Fifty Plus: Hockey playoffs and evil super powers


hockeyWe’re fans of professional ice hockey at my house and it’s playoff season.  Well, my husband and daughter are the fans with me giving just a mild rat’s ass.  I used to be a fan years ago and then started leaning left of center and question why professional athletes make so much money.  What do they do to contribute to society besides entertainment?  I suppose, as always, it’s that distraction from real issues.  I digress.  I do enjoy the entertainment of my husband and daughter spewing the vilest words in the English language during game times.  I also discovered I have evil super powers in my husband’s man cave to cause his team to lose.

As my cousin suggested, not in any historical (read important issue) context, “We are a house divided.”  My husband is a Philadelphia Flyers fan and my daughter a Pittsburgh Penguins fan.  Those two went to Philadelphia recently just to see their teams have at it.  I just wanted some good Philadelphia food which they were kind enough to bring back.

My evil super powers emerged on Thursday.  I walked by my husband’s man cave and asked how the Flyers were doing.  He said no score yet.  I childishly chanted, “They’re gonna lose.”  Within three seconds, the Washington Capitals scored.  My husband stood up in disbelief and yelled, “Get out!  You’re evil!”  I had to laugh and unfortunately it came out like a witch’s cackle.  The Flyers lost and my husband announced I was banned from entering the man cave during hockey.  I was only allowed to stand at the threshold.  My daughter of course, enjoyed the exchange since the Penguins won the night before.

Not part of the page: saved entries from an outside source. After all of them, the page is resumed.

definition k_dist_mv_set :: "'a set \<times> ('a \<Rightarrow> 'a \<Rightarrow> bool) \<Rightarrow> nat \<Rightarrow> 'a set \<Rightarrow> bool" where
  "k_dist_mv_set G k M \<longleftrightarrow> M \<subseteq> fst G \<and>
     (\<forall>u\<in>M. \<forall>v\<in>M. \<exists>p. shortest_path G u v p \<and> length p - 1 \<le> k \<and>
         (\<forall>x\<in>set (butlast (tl p)). x \<notin> M))"

definition is_partition :: "'a set \<Rightarrow> 'a set set \<Rightarrow> bool" where
  "is_partition V P \<longleftrightarrow> \<Union>P = V \<and> {} \<notin> P \<and>
     (\<forall>A\<in>P. \<forall>B\<in>P. A \<noteq> B \<longrightarrow> A \<inter> B = {})"

definition chi_mu_k :: "nat \<Rightarrow> 'a set \<times> ('a \<Rightarrow> 'a \<Rightarrow> bool) \<Rightarrow> nat" where
  "chi_mu_k k G = (LEAST c. \<exists>P. is_partition (fst G) P \<and> finite P \<and> card P = c \<and>
                      (\<forall>M\<in>P. k_dist_mv_set G k M))"

end

theory Submission
  imports Defs
begin

text \<open>Write a vertex of \<open>P\<^sub>n \<boxtimes> K\<^sub>m\<close> as a pair (column, row). A shortest path between vertices in
  different columns visits every intermediate column exactly once, so a set \<open>M\<close> is a \<open>k\<close>-distance
  mutual-visibility set iff its columns span at most \<open>k\<close> and every column strictly between two
  of its columns has a vertex outside \<open>M\<close>.

  Lower bound: replace every class of a partition by the set of columns it meets. Scanning from
  the left, either two classes lie within the first \<open>k + 2\<close> columns, or a single class meets
  only the first two columns (if it went further, the second column would be interior to it and
  hence met by another class). Peeling these off shows that \<open>c\<close> classes cover at most
  \<open>\<lfloor>c/2\<rfloor>(k + 2)\<close> columns, plus 2 if \<open>c\<close> is odd.

  Upper bound: cut the columns into blocks of \<open>k + 2\<close>; the first column of a block together with
  row 0 of its next \<open>k\<close> columns forms one class and the rest of the block another, while a final
  block of at most two columns forms a single class.\<close>

section \<open>Walks, distances and partitions\<close>

lemma gdist_eqI:
  assumes "walk_between G u v p" "length p = Suc d"
    and "\<And>q. walk_between G u v q \<Longrightarrow> Suc d \<le> length q"
  shows "gdist G u v = d"
  unfolding gdist_def
proof (rule Least_equality)
  show "\<exists>p. walk_between G u v p \<and> length p = Suc d" using assms by blast
qed (use assms(3) in fastforce)

lemma walk_between_endpoints:
  assumes "walk_between G u v p"
  shows "u \<in> fst G" "v \<in> fst G" "p ! 0 = u" "p ! (length p - 1) = v"
  using assms hd_in_set[of p] last_in_set[of p]
  by (auto simp: walk_between_def is_walk_def hd_conv_nth last_conv_nth)

lemma walk_between_rev:
  assumes sym: "\<And>x y. snd G x y \<Longrightarrow> snd G y x" and "walk_between G u v p"
  shows "walk_between G v u (rev p)"
proof -
  have "snd G (rev p ! i) (rev p ! Suc i)" if "Suc i < length p" for i
  proof -
    have "snd G (p ! (length p - Suc (Suc i))) (p ! Suc (length p - Suc (Suc i)))"
      using assms(2) that unfolding walk_between_def is_walk_def by simp
    moreover have "Suc (length p - Suc (Suc i)) = length p - Suc i" using that by simp
    ultimately show ?thesis using that sym by (simp add: rev_nth)
  qed
  then show ?thesis using assms(2) by (auto simp: walk_between_def is_walk_def hd_rev last_rev)
qed

lemma gdist_sym:
  assumes "\<And>x y. snd G x y \<Longrightarrow> snd G y x"
  shows "gdist G u v = gdist G v u"
proof -
  have "(\<exists>p. walk_between G u v p \<and> length p = Suc l) \<longleftrightarrow> (\<exists>p. walk_between G v u p \<and> length p = Suc l)" for l
    using walk_between_rev[OF assms] by (metis length_rev)
  then show ?thesis unfolding gdist_def by simp
qed

lemma shortest_path_rev:
  assumes "\<And>x y. snd G x y \<Longrightarrow> snd G y x" "shortest_path G u v p"
  shows "shortest_path G v u (rev p)"
  using assms walk_between_rev[OF assms(1)] gdist_sym[OF assms(1)]
  by (simp add: shortest_path_def)

lemma butlast_tl_rev: "butlast (tl (rev xs)) = rev (butlast (tl xs))"
  by (metis butlast_rev butlast_tl rev_rev_ident)

lemma gdist_refl:
  assumes "u \<in> fst G"
  shows "walk_between G u u [u]" "gdist G u u = 0"
proof -
  show w: "walk_between G u u [u]" using assms by (simp add: walk_between_def is_walk_def)
  show "gdist G u u = 0"
    by (rule gdist_eqI[OF w]) (auto simp: walk_between_def is_walk_def Suc_le_eq)
qed

lemma gdist_adjacent:
  assumes "u \<in> fst G" "v \<in> fst G" "snd G u v" "u \<noteq> v"
  shows "walk_between G u v [u, v]" "gdist G u v = 1"
proof -
  show w: "walk_between G u v [u, v]"
    using assms by (simp add: walk_between_def is_walk_def nth_Cons split: nat.split)
  show "gdist G u v = 1"
  proof (rule gdist_eqI[OF w])
    fix q assume q: "walk_between G u v q"
    then have "q \<noteq> []" "hd q = u" "last q = v" by (auto simp: walk_between_def is_walk_def)
    with \<open>u \<noteq> v\<close> show "Suc 1 \<le> length q" by (cases q) (auto simp: Suc_le_eq split: if_split_asm)
  qed simp
qed

lemma is_partition_fibres:
  "is_partition V ((\<lambda>l. {v\<in>V. f v = l}) ` f ` V)"
  unfolding is_partition_def by auto

lemma chi_mu_k_eqI:
  assumes "is_partition (fst G) P" "finite P" "card P \<le> c" "\<forall>M\<in>P. k_dist_mv_set G k M"
    and "\<And>P. is_partition (fst G) P \<Longrightarrow> finite P \<Longrightarrow> \<forall>M\<in>P. k_dist_mv_set G k M \<Longrightarrow> c \<le> card P"
  shows "chi_mu_k k G = c"
  unfolding chi_mu_k_def
proof (rule Least_equality)
  show "\<exists>P. is_partition (fst G) P \<and> finite P \<and> card P = c \<and> (\<forall>M\<in>P. k_dist_mv_set G k M)"
    using assms by (intro exI[of _ P]) (simp add: le_antisym)
qed (use assms(5) in blast)

section \<open>Shortest paths in the strong product of a path and a clique\<close>

definition PK :: "nat \<Rightarrow> nat \<Rightarrow> (nat \<times> nat) set \<times> (nat \<times> nat \<Rightarrow> nat \<times> nat \<Rightarrow> bool)" where
  "PK n m = strong_product (path_graph n) (complete_graph m)"

lemma PK_vertices: "fst (PK n m) = {0..<n} \<times> {0..<m}"
  by (simp add: PK_def strong_product_def path_graph_def complete_graph_def)

lemma PK_adj:
  "snd (PK n m) u v \<longleftrightarrow> u \<noteq> v \<and> (fst u = fst v \<or> fst u + 1 = fst v \<or> fst v + 1 = fst u)"
  by (cases u; cases v) (auto simp: PK_def strong_product_def path_graph_def complete_graph_def)

lemma PK_sym: "snd (PK n m) u v \<Longrightarrow> snd (PK n m) v u"
  by (auto simp: PK_adj)

lemma walk_fst_diff:
  assumes "is_walk (PK n m) p" "i \<le> j" "j < length p"
  shows "fst (p ! j) \<le> fst (p ! i) + (j - i) \<and> fst (p ! i) \<le> fst (p ! j) + (j - i)"
  using assms(2,3)
proof (induction j rule: dec_induct)
  case (step j)
  then have "snd (PK n m) (p ! j) (p ! Suc j)"
    using assms(1) unfolding is_walk_def by simp
  with step show ?case unfolding PK_adj by auto
qed simp

lemma walk_between_fst_diff:
  assumes "walk_between (PK n m) u v p"
  shows "fst v \<le> fst u + (length p - 1)" "fst u \<le> fst v + (length p - 1)"
proof -
  have "p \<noteq> []" "p ! 0 = u" "p ! (length p - 1) = v"
    using assms by (auto simp: walk_between_def is_walk_def hd_conv_nth last_conv_nth)
  then show "fst v \<le> fst u + (length p - 1)" "fst u \<le> fst v + (length p - 1)"
    using walk_fst_diff[of n m p 0 "length p - 1"] assms by (auto simp: walk_between_def)
qed

definition column_walk :: "(nat \<Rightarrow> nat) \<Rightarrow> nat \<Rightarrow> nat \<Rightarrow> (nat \<times> nat) list" where
  "column_walk \<rho> a b = map (\<lambda>x. (x, \<rho> x)) [a..<Suc b]"

lemma column_walk_PK:
  assumes "a \<le> b" "b < n" "\<And>x. a \<le> x \<Longrightarrow> x \<le> b \<Longrightarrow> \<rho> x < m"
  shows "walk_between (PK n m) (a, \<rho> a) (b, \<rho> b) (column_walk \<rho> a b)"
    and "length (column_walk \<rho> a b) = Suc (b - a)"
    and "set (butlast (tl (column_walk \<rho> a b))) = (\<lambda>x. (x, \<rho> x)) ` {a<..<b}"
proof -
  show len: "length (column_walk \<rho> a b) = Suc (b - a)"
    using assms(1) by (simp add: column_walk_def)
  have nth: "column_walk \<rho> a b ! i = (a + i, \<rho> (a + i))" if "i < Suc (b - a)" for i
  proof -
    have "i < length [a..<Suc b]" "a + i < Suc b" using that assms(1) by auto
    then show ?thesis unfolding column_walk_def by (simp only: nth_map nth_upt)
  qed
  have "is_walk (PK n m) (column_walk \<rho> a b)"
    unfolding is_walk_def
  proof (intro conjI allI impI)
    show "set (column_walk \<rho> a b) \<subseteq> fst (PK n m)"
      using assms by (auto simp: column_walk_def PK_vertices)
    fix i assume "Suc i < length (column_walk \<rho> a b)"
    then show "snd (PK n m) (column_walk \<rho> a b ! i) (column_walk \<rho> a b ! Suc i)"
      by (simp add: len nth PK_adj)
  qed (use len in auto)
  then show "walk_between (PK n m) (a, \<rho> a) (b, \<rho> b) (column_walk \<rho> a b)"
    using assms(1) by (simp add: walk_between_def column_walk_def hd_map last_map del: upt_Suc)
  have "butlast (tl [a..<Suc b]) = [Suc a..<b]" by (simp only: tl_upt) simp
  then show "set (butlast (tl (column_walk \<rho> a b))) = (\<lambda>x. (x, \<rho> x)) ` {a<..<b}"
    by (simp add: column_walk_def map_butlast[symmetric] map_tl[symmetric] atLeastSucLessThan_greaterThanLessThan)
qed

lemma column_walk_between:
  assumes "u \<in> fst (PK n m)" "v \<in> fst (PK n m)" "fst u < fst v"
    and "\<And>x. fst u < x \<Longrightarrow> x < fst v \<Longrightarrow> \<rho> x < m"
  defines "p \<equiv> column_walk (\<rho>(fst u := snd u, fst v := snd v)) (fst u) (fst v)"
  shows "walk_between (PK n m) u v p" "length p = Suc (fst v - fst u)"
    "set (butlast (tl p)) = (\<lambda>x. (x, \<rho> x)) ` {fst u<..<fst v}"
proof -
  let ?\<rho> = "\<rho>(fst u := snd u, fst v := snd v)"
  have rows: "?\<rho> x < m" if "fst u \<le> x" "x \<le> fst v" for x
    using assms(1-4) that by (auto simp: PK_vertices le_less)
  note walk = column_walk_PK[of "fst u" "fst v" n ?\<rho> m, folded p_def]
  show "walk_between (PK n m) u v p" "length p = Suc (fst v - fst u)"
    using walk rows assms(2,3) by (auto simp: PK_vertices)
  have "(\<lambda>x. (x, ?\<rho> x)) ` {fst u<..<fst v} = (\<lambda>x. (x, \<rho> x)) ` {fst u<..<fst v}"
    by (rule image_cong) auto
  then show "set (butlast (tl p)) = (\<lambda>x. (x, \<rho> x)) ` {fst u<..<fst v}"
    using walk rows assms(2,3) by (auto simp: PK_vertices)
qed

lemma gdist_PK:
  assumes "u \<in> fst (PK n m)" "v \<in> fst (PK n m)" "fst u < fst v"
  shows "gdist (PK n m) u v = fst v - fst u"
proof -
  have "0 < m" using assms(1) by (auto simp: PK_vertices)
  then obtain p where "walk_between (PK n m) u v p" "length p = Suc (fst v - fst u)"
    using column_walk_between[OF assms, of "\<lambda>_. 0"] by blast
  then show ?thesis
  proof (rule gdist_eqI)
    fix q assume "walk_between (PK n m) u v q"
    with walk_between_fst_diff[OF this] show "Suc (fst v - fst u) \<le> length q"
      by (cases q) (auto simp: walk_between_def is_walk_def)
  qed
qed

lemma shortest_path_PK_fst_nth:
  assumes "shortest_path (PK n m) u v p" "fst u < fst v" "i < length p"
  shows "fst (p ! i) = fst u + i"
proof -
  have walk: "walk_between (PK n m) u v p" "is_walk (PK n m) p"
    using assms(1) by (auto simp: shortest_path_def walk_between_def)
  note ends = walk_between_endpoints[OF walk(1)]
  have "length p = Suc (fst v - fst u)"
    using assms(1,2) gdist_PK[OF ends(1,2)] by (simp add: shortest_path_def)
  moreover have "fst (p ! i) \<le> fst u + i"
    using walk_fst_diff[OF walk(2), of 0 i] ends(3) assms(3) by simp
  moreover have "fst v \<le> fst (p ! i) + (length p - 1 - i)"
    using walk_fst_diff[OF walk(2), of i "length p - 1"] ends(4) assms(3) by simp
  ultimately show ?thesis using assms(2,3) by linarith
qed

On Saturday we had three floors of televisions running at the same time.  My daughter was upstairs in her room watching a game, my husband in his man cave, and no one in the family room.  “Who’s watching TV in the family room,” I asked.  No answer.  I suppose someone left on a DIY channel for the dogs to observe since I had no interest in watching the games.

The Pittsburgh Penguins were playing the NY Rangers late afternoon.  My daughter voiced a slew of choice words and I could only suspect her team was not doing well.  That was confirmed with the laughter wafting up the stairs from the man cave.  My husband was brave enough to text my daughter if she saw a play that did not go well for the Penguins.  More vile words from the upper floor.  I suspected they had an agreement that they would not watch the other’s team together so this was their only communication option.

That evening my evil super powers emerged again.  I stood at the threshold of the man cave, as ordained by decree, and genuinely asked how the Flyers were doing.  My husband grimaced and said, “It’s a Capitals power play.”  Score!  Capitals!  “Not again!  Get out!  You’re banned for life!”  I was a little distressed.  Not with my husband’s reaction but with my evil super powers.

Tuesday morning my husband announced the Flyers were 0-3.  He said there’s no way they could come back.  I believe in miracles.  Honestly, I like an underdog.  I’d like to see the Flyers come back from three losses.  I would definitely like to see the Flyers play the Penguins for the Stanley Cup.  At my house, that would be entertainment.  Yet, with my evil super powers, I think both my husband and daughter would ban me until the games were over.  Humph.  So much for the NHL contributing entertainment to society.